The former administrator of the US Agency for International Development (USA) says that an important funding reductions from the agency could lead to more cases of diseases such as Paralytic Polio and Malaria.
In an interview that will be broadcast on CBCs on Sunday Rosemary Barton Live, Samantha Power described the consequences of the decision by the Trump administration to impair the agency’s financing.
“There are really no words,” said Macht, who was head of the agency during the Biden Administration, the chief politician correspondent Rosemary Barton.
“The estimates are now 200,000 other cases of paralytic polio,” she said of the effects of the administration’s canceled USAID contracts.
“Malaria rises, probably up to 166,000 deaths per year.”
USAID manages the financing that provided both the United States and international partners, including Canada, for development projects around the world.
According to letters to non -governmental organizations, around 10,000 contracts with USAid were terminated last week. It is part of an unprecedented reduction in the federal government by Elon Musk’s Department of Government Efficiency.
According to Power, the cuts will also affect the training of girls worldwide.
“Many millions of girls will not be at school because the USAID financing has now been terminated for these programs,” she said.
Before the United States led from 2021 to 2025, Power was the US ambassador at the United Nations from 2013 to 2017.
“The government of the United States is currently acting as if we live in a so -called great isolation as if we were cut off from the rest of the world, as if there was no flight where a virus can spread in the USA,” said Power.

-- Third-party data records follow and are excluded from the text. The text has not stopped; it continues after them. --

(* For every $n\geq 1$, $s_n\equiv t_n \pmod 2$.
   Context: Rectangulations are combinatorial equivalence classes of tilings of the unit square by axis-parallel rectangles, where two tilings are equivalent if a homeomorphism of the square fixing the four corners and preserving horizontality and verticality of segments takes one to the other. $t_n$ is the number of rectangulations with exactly $n$ tiles, and $s_n$ is the number of rectangulations with exactly $n$ tiles that are fixed by the natural action of the dihedral group $D_8$ of symmetries of the square. *)

theory Defs
  imports "HOL-Analysis.Analysis"
begin

type_synonym pt = "real \<times> real"

definition unit_sq :: "pt set" where
  "unit_sq = {0..1} \<times> {0..1}"

definition is_rect :: "pt set \<Rightarrow> bool" where
  "is_rect R \<longleftrightarrow> (\<exists>a b c d. a < b \<and> c < d \<and> R = {a..b} \<times> {c..d})"

definition is_tiling :: "nat \<Rightarrow> pt set set \<Rightarrow> bool" where
  "is_tiling n T \<longleftrightarrow> finite T \<and> card T = n \<and> (\<forall>R\<in>T. is_rect R) \<and>
     \<Union>T = unit_sq \<and>
     (\<forall>R\<in>T. \<forall>R'\<in>T. R \<noteq> R' \<longrightarrow> interior R \<inter> interior R' = {})"

definition tilings :: "nat \<Rightarrow> pt set set set" where
  "tilings n = {T. is_tiling n T}"

definition skel :: "pt set set \<Rightarrow> pt set" where
  "skel T = (\<Union>R\<in>T. frontier R)"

“(The administration is as if we manufacture all of our manufactured products here, all parts come from here … as if the United States in which we need friends will never happen anything bad.”
She said she fears that the long -held alliances of the Americans are now “marginally”.
U.S.ID workers who have lost their work received 15-minute intervals to clear out their desks on Thursday in the middle of a massive section of the widespread program. The workers were welcomed by supporters when they left the building for the last time.
USAID was founded in 1961 by former President John F. Kennedy and had long had non -partisan support.
According to the congress research service, the agency employed around 10,000 employees with about two thirds in overseas before the cuts. In 2023, the last year, for which data are available, USAID conducted more than 40 billion US dollars and did around 130 countries.
The UN spokesman Stéphane Dujarric said that many of the affected programs are in fragile countries that are highly dependent on US help to support health systems and nutritional programs. Dujarric said that other topics, such as fighting terrorism, human and drug trade and the help of migrants, will also suffer from the cuts.
Power said it was unclear whether there is light at the end of the tunnel.
“There seems to be no feeling of remorse, some feeling of concern about the human consequences of these actions,” she said.